Caught In An Instant

[vimeo 83664407 w=580]

Joshua Hammer profiles the photographer and video artist Adam Magyar, who creates stunning panoramas of urban life:

In a growing body of photographic and video art done over the past decade, Magyar bends conventional representations of time and space, stretching milliseconds into minutes, freezing moments with a resolution that the naked eye could never have perceived. His art evokes such variegated sources as Albert Einstein, Zen Buddhism, even the 1960s TV series The Twilight Zone. The images – sleek silver subway cars, solemn commuters lost in private worlds – are beautiful and elegant, but also produce feelings of disquiet. “These moments I capture are meaningless, there is no story in them, and if you can catch the core, the essence of being, you capture probably everything,” Magyar says in one of the many cryptic comments about his work that reflect both their hypnotic appeal and their elusiveness. There is a sense of stepping into a different dimension, of inhabiting a space between stillness and movement, a time-warp world where the rules of physics don’t apply.

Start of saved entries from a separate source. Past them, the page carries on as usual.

definition ordered_ordinal_monoid :: "('m \<Rightarrow> 'm \<Rightarrow> bool) \<Rightarrow> ('m oword \<Rightarrow> 'm) \<Rightarrow> bool" where
  "ordered_ordinal_monoid le pi \<longleftrightarrow>
     \<comment> \<open>le is a partial order\<close>
     (\<forall>x. le x x) \<and> (\<forall>x y z. le x y \<longrightarrow> le y z \<longrightarrow> le x z) \<and>
     (\<forall>x y. le x y \<longrightarrow> le y x \<longrightarrow> x = y) \<and>
     \<comment> \<open>pi depends only on the isomorphism class of the word\<close>
     (\<forall>u v. ordword u \<longrightarrow> ordword v \<longrightarrow> word_iso u v \<longrightarrow> pi u = pi v) \<and>
     \<comment> \<open>pi on one-letter words\<close>
     (\<forall>n w. pi ({(n, n)}, w) = w n) \<and>
     \<comment> \<open>generalised associativity, nonempty blocks: a partition of the positions into
         convex blocks, each block represented by one of its elements\<close>
     (\<forall>u blk. ordword u \<longrightarrow>
        (\<forall>x\<in>wdom u. blk x \<in> wdom u \<and> blk (blk x) = blk x) \<longrightarrow>
        (\<forall>x y z. x \<in> wdom u \<longrightarrow> z \<in> wdom u \<longrightarrow> (x, y) \<in> fst u \<longrightarrow> (y, z) \<in> fst u \<longrightarrow>
                 blk x = blk z \<longrightarrow> blk y = blk x) \<longrightarrow>
        pi u = pi (restr (fst u) (blk ` wdom u),
                   (\<lambda>m. pi (restr (fst u) {x \<in> wdom u. blk x = m}, snd u)))) \<and>
     \<comment> \<open>generalised associativity, empty blocks: letters equal to pi of the empty word
         may be deleted\<close>
     (\<forall>u E. ordword u \<longrightarrow> E \<subseteq> wdom u \<longrightarrow> (\<forall>e\<in>E. snd u e = pi empty_word) \<longrightarrow>
        pi u = pi (restr (fst u) (wdom u - E), snd u)) \<and>
     \<comment> \<open>pi is monotone letterwise\<close>
     (\<forall>r w w'. ordword (r, w) \<longrightarrow> (\<forall>x\<in>Field r. le (w x) (w' x)) \<longrightarrow>
        le (pi (r, w)) (pi (r, w')))"

definition mult :: "('m oword \<Rightarrow> 'm) \<Rightarrow> 'm \<Rightarrow> 'm \<Rightarrow> 'm" where
  "mult pi a b = pi ({(0, 0), (0, 1), (1, 1)}, (\<lambda>n. if n = 0 then a else b))"

definition mpow :: "('m oword \<Rightarrow> 'm) \<Rightarrow> 'm \<Rightarrow> nat \<Rightarrow> 'm" where
  "mpow pi a n = pi ({(i, j). i \<le> j \<and> j < n}, (\<lambda>_. a))"

definition idem_plus :: "('m oword \<Rightarrow> 'm) \<Rightarrow> 'm \<Rightarrow> nat \<Rightarrow> 'm" where
  "idem_plus pi a k = (THE x. \<exists>N. \<forall>n\<ge>N. mpow pi a (fact n + k) = x)"

definition idem :: "('m oword \<Rightarrow> 'm) \<Rightarrow> 'm \<Rightarrow> 'm" where
  "idem pi a = idem_plus pi a 0"

definition ordinal_monoid_with_merge ::
  "('m::finite \<Rightarrow> 'm \<Rightarrow> bool) \<Rightarrow> ('m oword \<Rightarrow> 'm) \<Rightarrow> ('m \<Rightarrow> 'm) \<Rightarrow> bool" where
  "ordinal_monoid_with_merge le pi sh \<longleftrightarrow>
     ordered_ordinal_monoid le pi \<and>
     (\<forall>a b. le a b \<longrightarrow> le (sh a) (sh b)) \<and>
     (\<forall>a k. le (idem_plus pi a k) (sh a)) \<and>
     (\<forall>a. sh (idem pi a) = idem pi a) \<and>
     (\<forall>a. mult pi (sh a) (sh a) = sh a) \<and>
     (\<forall>a. sh (sh a) = sh a) \<and>
     (\<forall>a b. sh (mult pi a b) = mult pi a (mult pi (sh (mult pi b a)) b))"

inductive_set cl_sharp :: "('m oword \<Rightarrow> 'm) \<Rightarrow> ('m \<Rightarrow> 'm) \<Rightarrow> 'm set \<Rightarrow> 'm set"
  for pi sh A where
  base: "a \<in> A \<Longrightarrow> a \<in> cl_sharp pi sh A"
| mul: "a \<in> cl_sharp pi sh A \<Longrightarrow> b \<in> cl_sharp pi sh A \<Longrightarrow> mult pi a b \<in> cl_sharp pi sh A"
| shp: "a \<in> cl_sharp pi sh A \<Longrightarrow> sh a \<in> cl_sharp pi sh A"

datatype 'a fo =
    FLess nat nat
  | FEq nat nat
  | FLetter 'a nat
  | FNeg "'a fo"
  | FConj "'a fo" "'a fo"
  | FEx nat "'a fo"

fun fv :: "'a fo \<Rightarrow> nat set" where
  "fv (FLess x y) = {x, y}"
| "fv (FEq x y) = {x, y}"
| "fv (FLetter a x) = {x}"
| "fv (FNeg f) = fv f"
| "fv (FConj f g) = fv f \<union> fv g"
| "fv (FEx x f) = fv f - {x}"

fun sat :: "'a oword \<Rightarrow> (nat \<Rightarrow> nat) \<Rightarrow> 'a fo \<Rightarrow> bool" where
  "sat u s (FLess x y) \<longleftrightarrow> (s x, s y) \<in> fst u \<and> s x \<noteq> s y"
| "sat u s (FEq x y) \<longleftrightarrow> s x = s y"
| "sat u s (FLetter a x) \<longleftrightarrow> snd u (s x) = a"
| "sat u s (FNeg f) \<longleftrightarrow> \<not> sat u s f"
| "sat u s (FConj f g) \<longleftrightarrow> sat u s f \<and> sat u s g"
| "sat u s (FEx x f) \<longleftrightarrow> (\<exists>p\<in>wdom u. sat u (s(x := p)) f)"

definition fo_definable :: "'a oword set \<Rightarrow> bool" where
  "fo_definable L \<longleftrightarrow> (\<exists>f. fv f = {} \<and> L = {u. ordword u \<and> sat u (\<lambda>_. 0) f})"

definition fo_approximant ::
  "('m \<Rightarrow> 'm \<Rightarrow> bool) \<Rightarrow> ('m oword \<Rightarrow> 'm) \<Rightarrow> 'm oword set \<Rightarrow> 'm set \<Rightarrow> ('m oword \<Rightarrow> 'm) \<Rightarrow> bool" where
  "fo_approximant le pi L Y rho \<longleftrightarrow>
     fo_definable L \<and> (\<forall>m. fo_definable {u \<in> L. rho u = m}) \<and>
     (\<forall>u\<in>L. le (pi u) (rho u) \<and> rho u \<in> Y)"

end

theory Submission
  imports Defs
begin
fun sat_list :: "'a list \<Rightarrow> (nat \<Rightarrow> nat) \<Rightarrow> 'a fo \<Rightarrow> bool" where
  "sat_list w s (FLess x y) \<longleftrightarrow> s x < s y"
| "sat_list w s (FEq x y) \<longleftrightarrow> s x = s y"
| "sat_list w s (FLetter a x) \<longleftrightarrow> w ! s x = a"
| "sat_list w s (FNeg f) \<longleftrightarrow> \<not> sat_list w s f"
| "sat_list w s (FConj f g) \<longleftrightarrow> sat_list w s f \<and> sat_list w s g"
| "sat_list w s (FEx x f) \<longleftrightarrow> (\<exists>p<length w. sat_list w (s(x := p)) f)"

lemma sat_list_cong: "(\<forall>v\<in>fv f. s v = s' v) \<Longrightarrow> sat_list w s f = sat_list w s' f"
proof (induction f arbitrary: s s')
  case (FEx x f)
  have "sat_list w (s(x := p)) f = sat_list w (s'(x := p)) f" for p
    by (rule FEx.IH) (use FEx.prems in auto)
  then show ?case by simp
next
  case (FConj f g)
  then show ?case by (metis Un_iff fv.simps(5) sat_list.simps(5))
qed simp_all

lemma sat_list_closed: "fv f = {} \<Longrightarrow> sat_list w s f = sat_list w (\<lambda>_. 0) f"
  by (rule sat_list_cong) auto

definition list_definable :: "'a list set \<Rightarrow> bool" where
  "list_definable K \<longleftrightarrow> (\<exists>f. fv f = {} \<and> (\<forall>w. sat_list w (\<lambda>_. 0) f \<longleftrightarrow> w \<in> K))"

lemma list_definableI:
  "fv f = {} \<Longrightarrow> (\<And>w. sat_list w (\<lambda>_. 0) f \<longleftrightarrow> w \<in> K) \<Longrightarrow> list_definable K"
  unfolding list_definable_def by blast

lemma list_definableE:
  assumes "list_definable K"
  obtains f where "fv f = {}" "\<forall>w s. sat_list w s f \<longleftrightarrow> w \<in> K"
proof -
  obtain f where f: "fv f = {}" "\<forall>w. sat_list w (\<lambda>_. 0) f \<longleftrightarrow> w \<in> K"
    using assms unfolding list_definable_def by blast
  have "sat_list w s f \<longleftrightarrow> w \<in> K" for w s
    using f(2) sat_list_closed[OF f(1), of w s] by simp
  with f(1) show thesis using that by blast
qed

lemma list_definable_Compl:
  assumes "list_definable K" shows "list_definable (- K)"
proof -
  obtain f where "fv f = {}" "\<forall>w s. sat_list w s f \<longleftrightarrow> w \<in> K"
    using assms by (rule list_definableE)
  then show ?thesis by (intro list_definableI[of "FNeg f"]) auto
qed

lemma list_definable_Int:
  assumes "list_definable K" "list_definable L" shows "list_definable (K \<inter> L)"
proof -
  obtain f where "fv f = {}" "\<forall>w s. sat_list w s f \<longleftrightarrow> w \<in> K"
    using assms(1) by (rule list_definableE)
  moreover obtain g where "fv g = {}" "\<forall>w s. sat_list w s g \<longleftrightarrow> w \<in> L"
    using assms(2) by (rule list_definableE)
  ultimately show ?thesis by (intro list_definableI[of "FConj f g"]) auto
qed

The above video is from Magyar’s Stainless series, which captures fast-moving subway trains and waiting straphangers:

Magyar shot the footage at 56 times normal speed, turning 12-second blurs into nearly 12-minute films of excruciating slowness. His commuters stand, together yet apart, with the studied, three-dimensional grace of statues – only the twitch of a lip or a finger drawn toward an iPhone indicating that these people were caught in hyper-slow motion, inhabiting an elongated moment. Magyar extracts drama from an infinitesimal flash of time. “I want to capture something that happens in milliseconds, something that you don’t even realize took place,” he told me. “I’m extending the moments – the present, the now – because as humans we live only in the past and the future. But the only existence we have is now, and that is something that we don’t even consider.”